Preface: This post will piss some people off. It will probably piss off some people I really like. During my time coaching AAU I met some wonderful people. Not just people, friends. Good friends. There are great people, doing great things for our young basketball players. Here comes the but...BUT, even the best intentioned AAU coaches are stuck playing a game that has no rules.
A grown man (or woman) is texting your son (or daughter) after every single game they play. They are facebooking them after every game they play. They are tweeting at them after every game they play. They are telling them how good they are, how good they played, how much they can help their game, how crappy their HS coach is, how crappy the other AAU program is (while that program is probably texting the player at the same time). I know they are, because I did it. I woke up on Wednesdays and Saturdays and looked at the paper (it was the old days) and looked for high scorers, stat-stuffers, etc. Once I narrowed in on a player, I texted my existing teenage contacts and tried to get the number for my newly discovered teenage talent. Then, once I got the number, I texted them. I tried early on to call, and not text. The problem is, teenagers don't answer the phone.
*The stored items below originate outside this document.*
(* Let $G$ be a finite dihedral group generated by two involutions $a$ and $b$. Then there is a conjugate $b'=c^{-1}bc$ ($c\in G$) of $b$ such that $a$ and $b'$ generate a Sylow $2$-subgroup of $G$. *)

theory Defs
  imports "HOL-Algebra.Algebra" "HOL-Computational_Algebra.Primes"
begin

definition involution :: "('a, 'b) monoid_scheme \<Rightarrow> 'a \<Rightarrow> bool" where
  "involution G x \<longleftrightarrow> x \<in> carrier G \<and> x \<noteq> \<one>\<^bsub>G\<^esub> \<and> x \<otimes>\<^bsub>G\<^esub> x = \<one>\<^bsub>G\<^esub>"

definition finite_dihedral_group :: "('a, 'b) monoid_scheme \<Rightarrow> bool" where
  "finite_dihedral_group G \<longleftrightarrow> group G \<and> finite (carrier G) \<and>
     (\<exists>r s. r \<in> carrier G \<and> involution G s \<and>
            s \<otimes>\<^bsub>G\<^esub> r \<otimes>\<^bsub>G\<^esub> s = inv\<^bsub>G\<^esub> r \<and>
            generate G {r, s} = carrier G)"

definition sylow_subgroup :: "('a, 'b) monoid_scheme \<Rightarrow> nat \<Rightarrow> 'a set \<Rightarrow> bool" where
  "sylow_subgroup G p P \<longleftrightarrow> subgroup P G \<and> card P = p ^ multiplicity p (order G)"

end

theory Submission
  imports Defs
begin

(* For involutions x and y with product z = x y, conjugation by x inverts z, so
   <x, y> = <z> \<union> <z> x, and x \<notin> <z> because x and y are nontrivial; hence |<x, y>| = 2 ord z.
   If G = <a, b>, r = a b and ord r = 2^k m with m = 2 j + 1 odd, then for c = r^j the
   conjugate b' = c^-1 b c satisfies a b' = r^j (a b) r^j = r^m, an element of order 2^k.
   So <a, b'> has order 2^(k+1), the full power of 2 dividing |G| = 2 ord r. *)

lemma (in group) conjugation_hom:
  assumes "g \<in> carrier G"
  shows "(\<lambda>h. g \<otimes> h \<otimes> inv g) \<in> hom G G"
  using assms by (auto simp: hom_def m_assoc inv_solve_left)

lemma (in group) int_pow_conj_inverted:
  assumes g: "g \<in> carrier G" and z: "z \<in> carrier G" and inverts: "g \<otimes> z \<otimes> inv g = inv z"
  shows "g \<otimes> z [^] (i::int) \<otimes> inv g = z [^] (- i)"
proof -
  have "g \<otimes> z [^] i \<otimes> inv g = (g \<otimes> z \<otimes> inv g) [^] i"
    using hom_int_pow[OF conjugation_hom[OF g] z is_group is_group] .
  then show ?thesis
    using inverts z by (simp add: int_pow_inv int_pow_neg)
qed

lemma (in group) reflection_int_pow:
  assumes x: "x \<in> carrier G" "x \<otimes> x = \<one>" and z: "z \<in> carrier G"
    and reflects: "x \<otimes> z \<otimes> x = inv z"
  shows "x \<otimes> z [^] (i::int) = z [^] (- i) \<otimes> x"
proof -
  have inv_x: "inv x = x"
    using x by (simp add: inv_equality)
  have "x \<otimes> z [^] i \<otimes> x = z [^] (- i)"
    using int_pow_conj_inverted[OF x(1) z] reflects inv_x by simp
  then have "x \<otimes> z [^] i \<otimes> x \<otimes> x = z [^] (- i) \<otimes> x"
    by simp
  then show ?thesis
    using x z by (simp add: m_assoc)
qed

lemma (in group) involutions_reflect_product:
  assumes "x \<in> carrier G" "x \<otimes> x = \<one>" "y \<in> carrier G" "y \<otimes> y = \<one>"
  shows "x \<otimes> (x \<otimes> y) \<otimes> x = inv (x \<otimes> y)"
  using assms by (simp add: inv_mult_group inv_equality m_assoc flip: m_assoc[of x x])

lemma (in group) reflection_int_pow_rcos:
  assumes x: "x \<in> carrier G" "x \<otimes> x = \<one>" and z: "z \<in> carrier G"
    and reflects: "x \<otimes> z \<otimes> x = inv z"
  shows "x \<otimes> (z [^] (i::int) \<otimes> x) = z [^] (- i)"
  using x z by (simp add: m_assoc[symmetric] reflection_int_pow[OF x z reflects])
    (simp add: m_assoc)

lemma (in group) reflection_rcos_square:
  assumes x: "x \<in> carrier G" "x \<otimes> x = \<one>" and z: "z \<in> carrier G"
    and reflects: "x \<otimes> z \<otimes> x = inv z"
  shows "(z [^] (i::int) \<otimes> x) \<otimes> (z [^] i \<otimes> x) = \<one>"
  using x z by (simp add: m_assoc reflection_int_pow_rcos[OF x z reflects])
    (simp flip: int_pow_mult)

lemma (in group) subgroup_cyclic_union_rcos:
  assumes x: "x \<in> carrier G" "x \<otimes> x = \<one>" and z: "z \<in> carrier G"
    and reflects: "x \<otimes> z \<otimes> x = inv z"
  shows "subgroup (generate G {z} \<union> (generate G {z} #> x)) G"
proof -
  define S where "S = {z [^] (i::int) | i. True} \<union> {z [^] (i::int) \<otimes> x | i. True}"
  have elements: "generate G {z} \<union> (generate G {z} #> x) = S"
    unfolding S_def generate_pow[OF z] r_coset_def by auto
  have S_carrier: "S \<subseteq> carrier G"
    using x z unfolding S_def by auto
  have left_pow: "z [^] i \<otimes> h \<in> S" if "h \<in> S" for i :: int and h
    using that x z unfolding S_def by (auto simp: m_assoc[symmetric] int_pow_mult[symmetric])
  have left_x: "x \<otimes> h \<in> S" if "h \<in> S" for h
    using that reflection_int_pow[OF x z reflects] reflection_int_pow_rcos[OF x z reflects]
    unfolding S_def by blast
  show ?thesis
    unfolding elements
  proof (rule subgroupI)
    show "S \<subseteq> carrier G" "S \<noteq> {}"
      by (fact S_carrier) (auto simp: S_def)
  next
    fix g assume "g \<in> S"
    then consider i :: int where "g = z [^] i" | i :: int where "g = z [^] i \<otimes> x"
      unfolding S_def by blast
    then show "inv g \<in> S"
    proof cases
      case 1
      then show ?thesis
        using z unfolding S_def by (auto simp flip: int_pow_neg)
    next
      case 2
      then have "inv g = g"
        using x z reflection_rcos_square[OF x z reflects] by (simp add: inv_equality)
      then show ?thesis
        using \<open>g \<in> S\<close> by simp
    qed
  next
    fix g h assume "g \<in> S" "h \<in> S"
    then consider i :: int where "g = z [^] i" | i :: int where "g = z [^] i \<otimes> x"
      unfolding S_def by blast
    then show "g \<otimes> h \<in> S"
      using left_pow left_x \<open>h \<in> S\<close> S_carrier x z by cases (auto simp: m_assoc)
  qed
qed

lemma (in group) generate_involutions_eq:
  assumes x: "x \<in> carrier G" "x \<otimes> x = \<one>" and y: "y \<in> carrier G" "y \<otimes> y = \<one>"
  shows "generate G {x, y} = generate G {x \<otimes> y} \<union> (generate G {x \<otimes> y} #> x)"
    (is "_ = ?Z \<union> (?Z #> x)")
proof
  have xy: "x \<otimes> y \<in> carrier G"
    using x y by simp
  have Z: "subgroup ?Z G"
    using xy by (intro generate_is_subgroup) simp
  have "x \<in> ?Z #> x"
    using rcos_self[OF x(1) Z] .
  moreover have "inv (x \<otimes> y) \<in> ?Z"
    using subgroup.m_inv_closed[OF Z generate.incl] by blast
  then have "inv (x \<otimes> y) \<otimes> x \<in> ?Z #> x"
    using rcosI subgroup.subset[OF Z] x by blast
  moreover have "inv (x \<otimes> y) \<otimes> x = y"
    using x y by (simp add: inv_mult_group inv_equality m_assoc)
  ultimately show "generate G {x, y} \<subseteq> ?Z \<union> (?Z #> x)"
    using subgroup_cyclic_union_rcos[OF x xy involutions_reflect_product[OF x y]]
    by (intro generate_subgroup_incl) auto
next
  have H: "subgroup (generate G {x, y}) G"
    using x y by (intro generate_is_subgroup) auto
  have gens: "x \<in> generate G {x, y}" "y \<in> generate G {x, y}"
    by (auto intro: generate.incl)
  then have "?Z \<subseteq> generate G {x, y}"
    using subgroup.m_closed[OF H] by (intro generate_subgroup_incl H) auto
  then show "?Z \<union> (?Z #> x) \<subseteq> generate G {x, y}"
    using subgroup.m_closed[OF H] gens(1) by (auto simp: r_coset_def)
qed

lemma (in group) involution_notin_generate_product:
  assumes x: "involution G x" and y: "involution G y"
  shows "x \<notin> generate G {x \<otimes> y}"
proof
  define z where "z = x \<otimes> y"
  have x': "x \<in> carrier G" "x \<otimes> x = \<one>" "x \<noteq> \<one>"
    and y': "y \<in> carrier G" "y \<otimes> y = \<one>" "y \<noteq> \<one>"
    using x y by (auto simp: involution_def)
  have z: "z \<in> carrier G"
    using x' y' z_def by simp
  assume "x \<in> generate G {x \<otimes> y}"
  then obtain k :: int where k: "x = z [^] k"
    using generate_pow[OF z] z_def by auto
  txt \<open>As a power of z, x commutes with z; since x also inverts z, z has order at most 2.\<close>
  have "x \<otimes> z = z \<otimes> x"
    using int_pow_mult[OF z, of k 1] int_pow_mult[OF z, of 1 k] k z by (simp add: add.commute)
  then have "inv z = z"
    using involutions_reflect_product[OF x'(1,2) y'(1,2)] x'(1,2) z
    by (simp add: z_def[symmetric] m_assoc)
  then have "subgroup {\<one>, z} G"
    using z by (intro subgroupI) (auto, metis r_inv)
  then have "generate G {z} \<subseteq> {\<one>, z}"
    by (intro generate_subgroup_incl) simp
  then have "x = z"
    using k generate_pow[OF z] x'(3) by blast
  then show False
    using x' y' z_def by simp
qed

lemma (in group) card_generate_involutions:
  assumes fin: "finite (carrier G)" and x: "involution G x" and y: "involution G y"
  shows "card (generate G {x, y}) = 2 * ord (x \<otimes> y)"
proof -
  let ?Z = "generate G {x \<otimes> y}"
  have x': "x \<in> carrier G" "x \<otimes> x = \<one>" and y': "y \<in> carrier G" "y \<otimes> y = \<one>"
    using x y by (auto simp: involution_def)
  have xy: "x \<otimes> y \<in> carrier G"
    using x' y' by simp
  have Z: "subgroup ?Z G"
    using xy by (intro generate_is_subgroup) simp
  have rcos: "?Z #> g \<in> rcosets ?Z" if "g \<in> carrier G" for g
    using rcosetsI[OF subgroup.subset[OF Z] that] .
  have "?Z \<in> rcosets ?Z"
    using rcos[OF one_closed] coset_mult_one[OF subgroup.subset[OF Z]] by simp
  moreover have "?Z \<noteq> ?Z #> x"
    using rcos_self[OF x'(1) Z] involution_notin_generate_product[OF x y] by auto
  ultimately have "?Z \<inter> (?Z #> x) = {}"
    using rcos_disjoint[OF Z] rcos[OF x'(1)] unfolding pairwise_def disjnt_def by blast
  moreover have "card (?Z #> x) = card ?Z"
    using card_rcosets_equal[OF rcosetsI[OF subgroup.subset[OF Z] x'(1)] subgroup.subset[OF Z]] ..
  moreover have "finite ?Z" "finite (?Z #> x)"
    using fin subgroup.subset[OF Z] r_coset_subset_G[OF subgroup.subset[OF Z] x'(1)]
    by (auto intro: finite_subset)
  ultimately have "card (?Z \<union> (?Z #> x)) = 2 * card ?Z"
    by (simp add: card_Un_disjoint)
  then show ?thesis
    using generate_involutions_eq[OF x' y'] generate_pow_card[OF xy] by simp
qed

lemma (in group) involution_conj:
  assumes b: "involution G b" and c: "c \<in> carrier G"
  shows "involution G (inv c \<otimes> b \<otimes> c)"
proof -
  have b': "b \<in> carrier G" "b \<noteq> \<one>" "b \<otimes> b = \<one>"
    using b by (auto simp: involution_def)
  have cancel: "c \<otimes> (inv c \<otimes> w) = w" if "w \<in> carrier G" for w
    using c that by (simp add: m_assoc[symmetric])
  have "(inv c \<otimes> b \<otimes> c) \<otimes> (inv c \<otimes> b \<otimes> c) = inv c \<otimes> (b \<otimes> b) \<otimes> c"
    using b'(1) c by (simp add: m_assoc cancel)
  also have "\<dots> = \<one>"
    using b' c by simp
  finally have "(inv c \<otimes> b \<otimes> c) \<otimes> (inv c \<otimes> b \<otimes> c) = \<one>" .
  moreover have "inv c \<otimes> b \<otimes> c \<noteq> \<one>"
    using b' c by (simp add: m_assoc inv_solve_left')
  ultimately show ?thesis
    using b'(1) c by (simp add: involution_def)
qed

lemma (in group) reflection_times_conj_pow:
  assumes a: "a \<in> carrier G" "a \<otimes> a = \<one>" and b: "b \<in> carrier G" "b \<otimes> b = \<one>"
  shows "a \<otimes> (inv ((a \<otimes> b) [^] (j::nat)) \<otimes> b \<otimes> (a \<otimes> b) [^] j) = (a \<otimes> b) [^] (2 * j + 1)"
proof -
  define r where "r = a \<otimes> b"
  have r: "r \<in> carrier G"
    using a b r_def by simp
  have "a \<otimes> inv (r [^] j) = r [^] j \<otimes> a"
    using reflection_int_pow[OF a r, of "- int j"] involutions_reflect_product[OF a b] r
    by (simp add: r_def int_pow_neg_int int_pow_int)
  then have "a \<otimes> (inv (r [^] j) \<otimes> b \<otimes> r [^] j) = r [^] j \<otimes> r \<otimes> r [^] j"
    using a b r by (simp add: r_def m_assoc flip: m_assoc[of a "inv _"])
  also have "\<dots> = r [^] (2 * j + 1)"
    using nat_pow_mult[OF r, of "Suc j" j] r by (simp add: mult_2 del: nat_pow_Suc)
  finally show ?thesis
    unfolding r_def .
qed

lemma (in group) ord_pow_cofactor:
  assumes "x \<in> carrier G" "ord x = d * m" "m > 0"
  shows "ord (x [^] m) = d"
  using assms by (simp add: ord_pow_gen)

lemma (in group) exists_conj_generate_sylow_2:
  assumes fin: "finite (carrier G)" and a: "involution G a" and b: "involution G b"
    and gen: "generate G {a, b} = carrier G"
  shows "\<exists>c \<in> carrier G. sylow_subgroup G 2 (generate G {a, inv c \<otimes> b \<otimes> c})"
proof -
  have a': "a \<in> carrier G" "a \<otimes> a = \<one>" and b': "b \<in> carrier G" "b \<otimes> b = \<one>"
    using a b by (auto simp: involution_def)
  define r where "r = a \<otimes> b"
  have r: "r \<in> carrier G"
    using a' b' r_def by simp
  have order: "order G = 2 * ord r"
    using card_generate_involutions[OF fin a b] gen by (simp add: order_def r_def)
  obtain m where m: "ord r = 2 ^ multiplicity 2 (ord r) * m" "odd m"
    using multiplicity_decompose'[of "ord r" 2] ord_ge_1[OF fin r] by force
  then obtain j where j: "ord r = 2 ^ multiplicity 2 (ord r) * (2 * j + 1)"
    by (metis oddE)
  define c where "c = r [^] j"
  have c: "c \<in> carrier G"
    using r c_def by simp
  have "card (generate G {a, inv c \<otimes> b \<otimes> c}) = 2 * ord (r [^] (2 * j + 1))"
    using card_generate_involutions[OF fin a involution_conj[OF b c]]
      reflection_times_conj_pow[OF a' b'] by (simp add: c_def r_def)
  also have "\<dots> = 2 ^ multiplicity 2 (order G)"
    using ord_pow_cofactor[OF r j] order multiplicity_times_same[of "ord r" 2] ord_ge_1[OF fin r]
    by simp
  finally have "sylow_subgroup G 2 (generate G {a, inv c \<otimes> b \<otimes> c})"
    using a' b' c by (simp add: sylow_subgroup_def generate_is_subgroup)
  then show ?thesis
    using c by blast
qed

theorem lemma2p2:
  fixes G :: "('a, 'b) monoid_scheme" and a b :: 'a
  assumes "finite_dihedral_group G"
    and "involution G a" and "involution G b"
    and "generate G {a, b} = carrier G"
  shows "\<exists>c \<in> carrier G.
           sylow_subgroup G 2 (generate G {a, inv\<^bsub>G\<^esub> c \<otimes>\<^bsub>G\<^esub> b \<otimes>\<^bsub>G\<^esub> c})"
  using group.exists_conj_generate_sylow_2[of G a b] assms
  by (simp add: finite_dihedral_group_def)

end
But we, the AAU coaches, we can't handle not making contact, the chance that another program is beating us to them, not telling them how much we think of them, so we text. We text teenagers. Texting turned in to facebooking, which turned into tweeting. There are grown ups telling our teenage players how good they are at every single turn. Those grown ups aren't their parents, they're basketball people, basketball coaches. They are the exact same basketball people that bitch about entitlement and transfer-itis. This makes no sense. What we are doing, or allowing, makes no sense.
This is just the beginning. I'm going to write more on this. I'm going to start asking HS coaches what they think about their players being courted during the season. I'm going to ask them how they feel about their players being forced to think about April in January. I'm going to ask the parents of the players that are being courted what they think about their son or daughter's courtship. I have no doubt that plenty of players and their parents love being courted. Attention feels good to us all. My question is, is it good for the player? Is it good for the team? And, most importantly, is it good for basketball.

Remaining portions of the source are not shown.